ACTION ITEM | Go through the listing below and gather every line with the word "intro".

(DATA SUPPLIED)

lemma mclass_eq_iff:
  assumes "r \<in> mptrees P" "r' \<in> mptrees P"
  shows "mclass P r = mclass P r' \<longleftrightarrow> mptree_iso r r'"
proof
  assume "mclass P r = mclass P r'"
  moreover have "mptree_iso r' r'" using assms(2) by (intro mptree_iso_refl[of _ P]) (simp add: mptrees_iff)
  ultimately show "mptree_iso r r'" using assms(2) unfolding mclass_def by blast
next
  assume r: "mptree_iso r r'"
  have "snd r \<in> E0 (fst (fst r))" using assms(1) by (auto simp: mptrees_iff leaves_def)
  then have "mptree_iso r' r" using mptree_iso_sym[OF r] by blast
  then show "mclass P r = mclass P r'" unfolding mclass_def
    using mptree_iso_trans r by blast
qed

lemma pclass_some:
  assumes "r \<in> ptrees P"
  shows "(SOME y. y \<in> pclass P r) \<in> ptrees P" "ptree_iso r (SOME y. y \<in> pclass P r)"
proof -
  have "r \<in> pclass P r" using assms ptree_iso_refl[OF assms] unfolding pclass_def by blast
  then have "(SOME y. y \<in> pclass P r) \<in> pclass P r" by (rule someI)
  then show "(SOME y. y \<in> pclass P r) \<in> ptrees P" "ptree_iso r (SOME y. y \<in> pclass P r)"
    by (auto simp: pclass_iff)
qed

lemma mclass_some:
  assumes "r \<in> mptrees P"
  shows "(SOME y. y \<in> mclass P r) \<in> mptrees P" "mptree_iso r (SOME y. y \<in> mclass P r)"
proof -
  have "mptree_iso r r" using assms by (intro mptree_iso_refl[of _ P]) (simp add: mptrees_iff)
  then have "r \<in> mclass P r" using assms unfolding mclass_def by blast
  then have "(SOME y. y \<in> mclass P r) \<in> mclass P r" by (rule someI)
  then show "(SOME y. y \<in> mclass P r) \<in> mptrees P" "mptree_iso r (SOME y. y \<in> mclass P r)"
    by (auto simp: mclass_iff)
qed

lemma pclass_cong:
  assumes r: "(T, d) \<in> ptrees P" and e: "mor_eq T d d'"
  shows "(T, d') \<in> ptrees P" "pclass P (T, d') = pclass P (T, d)"
proof -
  show t: "(T, d') \<in> ptrees P" using r mor_cong e by (auto simp: ptrees_iff)
  have "ptree_iso_via (T, d) (T, d') pid"
    using iso_refl r e by (auto simp: ptree_iso_via_iff ptrees_iff is_tree_def mor_eq_def)
  then show "pclass P (T, d') = pclass P (T, d)" using pclass_eq_iff[OF r t] ptree_iso_def by blast
qed

lemma mclass_cong:
  assumes r: "((T, d), l) \<in> mptrees P" and e: "mor_eq T d d'"
  shows "mclass P ((T, d'), l) = mclass P ((T, d), l)"
proof -
  have t: "((T, d'), l) \<in> mptrees P" using r pclass_cong(1)[OF _ e] by (auto simp: mptrees_iff)
  have "ptree_iso_via (T, d) (T, d') pid"
    using iso_refl r e by (auto simp: ptree_iso_via_iff ptrees_iff is_tree_def mor_eq_def mptrees_iff)
  then have "mptree_iso ((T, d), l) ((T, d'), l)" unfolding mptree_iso_def by auto
  then show ?thesis using mclass_eq_iff[OF r t] by simp
qed

lemma tgt_free_monad:
  assumes r: "r \<in> ptrees P"
  shows "tgt (free_monad P) (pclass P r) = m0 (snd r) (root (fst r))"
proof -
  obtain T d where rr: "r = (T, d)" by (cases r)
  obtain T' d' where ss: "(SOME y. y \<in> pclass P r) = (T', d')" by (cases "SOME y. y \<in> pclass P r")
  have "ptree_iso (T, d) (T', d')" using pclass_some(2)[OF r] rr ss by simp
  then obtain f where f: "is_iso T T' f" "mor_eq T (pcomp d' f) d"
    unfolding ptree_iso_def by (auto simp: ptree_iso_via_iff)
  have t: "is_tree T" "is_tree T'" using r pclass_some(1)[OF r] rr ss by (auto simp: ptrees_iff)
  have "m0 f (root T) = root T'" by (rule iso_root[OF t f(1)])
  then have "m0 d' (root T') = m0 d (root T)" using f(2) tree_root(1)[OF t(1)] by (auto simp: mor_eq_def)
  then show ?thesis unfolding free_monad_simps ss by (simp add: rr)
qed

lemma src_free_monad:
  assumes r: "r \<in> mptrees P"
  shows "src (free_monad P) (mclass P r) = m0 (snd (fst r)) (snd r)"
proof -
  obtain T d l where rr: "r = ((T, d), l)" by (metis prod.collapse)
  obtain T' d' l' where ss: "(SOME y. y \<in> mclass P r) = ((T', d'), l')" by (metis prod.collapse)
  have "mptree_iso ((T, d), l) ((T', d'), l')" using mclass_some(2)[OF r] rr ss by simp
  then obtain f where f: "mor_eq T (pcomp d' f) d" "m0 f l = l'"
    unfolding mptree_iso_def by (auto simp: ptree_iso_via_iff)
  have "l \<in> E0 T" using r rr by (auto simp: mptrees_iff leaves_def)
  then have "m0 d' l' = m0 d l" using f by (auto simp: mor_eq_def)
  then show ?thesis unfolding free_monad_simps ss by (simp add: rr)
qed

lemma prj_free_monad:
  assumes r: "r \<in> mptrees P"
  shows "prj (free_monad P) (mclass P r) = pclass P (fst r)"
proof -
  have "ptree_iso (fst r) (fst (SOME y. y \<in> mclass P r))"
    using mclass_some(2)[OF r] unfolding mptree_iso_def ptree_iso_def by blast
  moreover have "fst r \<in> ptrees P" "fst (SOME y. y \<in> mclass P r) \<in> ptrees P"
    using mclass_some(1)[OF r] r by (auto simp: mptrees_iff)
  ultimately show ?thesis unfolding free_monad_simps using pclass_eq_iff by metis
qed

text \<open>Distinct leaves of a P-tree give distinct marked classes: a P-tree has no automorphism
  other than the identity, by rigidity.\<close>
lemma mclass_leaf_inj:
  assumes r: "r \<in> ptrees P" and l: "l \<in> leaves (fst r)" "l' \<in> leaves (fst r)"
    and eq: "mclass P (r, l) = mclass P (r, l')"
  shows "l = l'"
proof -
  obtain T d where rr: "r = (T, d)" by (cases r)
  have m: "(r, l) \<in> mptrees P" "(r, l') \<in> mptrees P" using r l by (auto simp: mptrees_iff)
  have "mptree_iso (r, l) (r, l')" using eq mclass_eq_iff[OF m] by simp
  then obtain f where f: "is_iso T T f" "mor_eq T (pcomp d f) d" "m0 f l = l'"
    unfolding mptree_iso_def by (auto simp: rr ptree_iso_via_iff)
  have t: "is_tree T" "is_mor T P d" using r rr by (auto simp: ptrees_iff)
  have fm: "is_mor T T f" using f(1) unfolding is_iso_def by blast
  have "mor_eq T f pid"
    by (rule rigid[OF t(1) t(1) t(2) fm mor_id[OF tree_polyend[OF t(1)]]])
       (use iso_root[OF t(1) t(1) f(1)] f(2) in \<open>auto simp: mor_eq_def\<close>)
  then show ?thesis using f(3) l rr by (auto simp: mor_eq_def leaves_def)
qed

lemma fibre_free_monad:
  assumes r: "r \<in> ptrees P"
  shows "fibre (free_monad P) (pclass P r) = (\<lambda>l. mclass P (r, l)) ` leaves (fst r)"
proof
  show "fibre (free_monad P) (pclass P r) \<subseteq> (\<lambda>l. mclass P (r, l)) ` leaves (fst r)"
  proof
    fix m assume m: "m \<in> fibre (free_monad P) (pclass P r)"
    then obtain r' where r': "r' \<in> mptrees P" "m = mclass P r'"
      by (auto simp: fibre_def free_monad_simps trm_def)
    have "pclass P (fst r') = pclass P r" using m r' prj_free_monad[OF r'(1)] by (simp add: fibre_def)
    then have "ptree_iso (fst r') r" using pclass_eq_iff[of "fst r'" P r] r r'(1) by (simp add: mptrees_iff)
    then obtain f where f: "ptree_iso_via (fst r') r f" unfolding ptree_iso_def by blast
    obtain T d T' d' l' where rr: "r = (T, d)" "r' = ((T', d'), l')" by (metis prod.collapse)
    have "is_iso T' T f" using f rr by (simp add: ptree_iso_via_iff)
    then have lf: "m0 f l' \<in> leaves T" using iso_leaf r' rr by (auto simp: mptrees_iff)
    have "mptree_iso r' (r, m0 f l')" using f rr unfolding mptree_iso_def by auto
    moreover have m2: "(r, m0 f l') \<in> mptrees P" using r lf rr by (simp add: mptrees_iff)
    ultimately have "m = mclass P (r, m0 f l')" using mclass_eq_iff[OF r'(1) m2] r'(2) by simp
    then show "m \<in> (\<lambda>l. mclass P (r, l)) ` leaves (fst r)" using lf rr by auto
  qed
next
  show "(\<lambda>l. mclass P (r, l)) ` leaves (fst r) \<subseteq> fibre (free_monad P) (pclass P r)"
  proof
    fix m assume "m \<in> (\<lambda>l. mclass P (r, l)) ` leaves (fst r)"
    then obtain l where l: "l \<in> leaves (fst r)" "m = mclass P (r, l)" by blast
    have rl: "(r, l) \<in> mptrees P" using r l by (simp add: mptrees_iff)
    show "m \<in> fibre (free_monad P) (pclass P r)"
      using rl prj_free_monad[OF rl] l unfolding fibre_def free_monad_simps trm_def by auto
  qed
qed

(End DATA SUPPLIED)

ANSWER BOX |
  moreover have "mptree_iso r' r'" using assms(2) by (intro mptree_iso_refl[of _ P]) (simp add: mptrees_iff)
  have "mptree_iso r r" using assms by (intro mptree_iso_refl[of _ P]) (simp add: mptrees_iff)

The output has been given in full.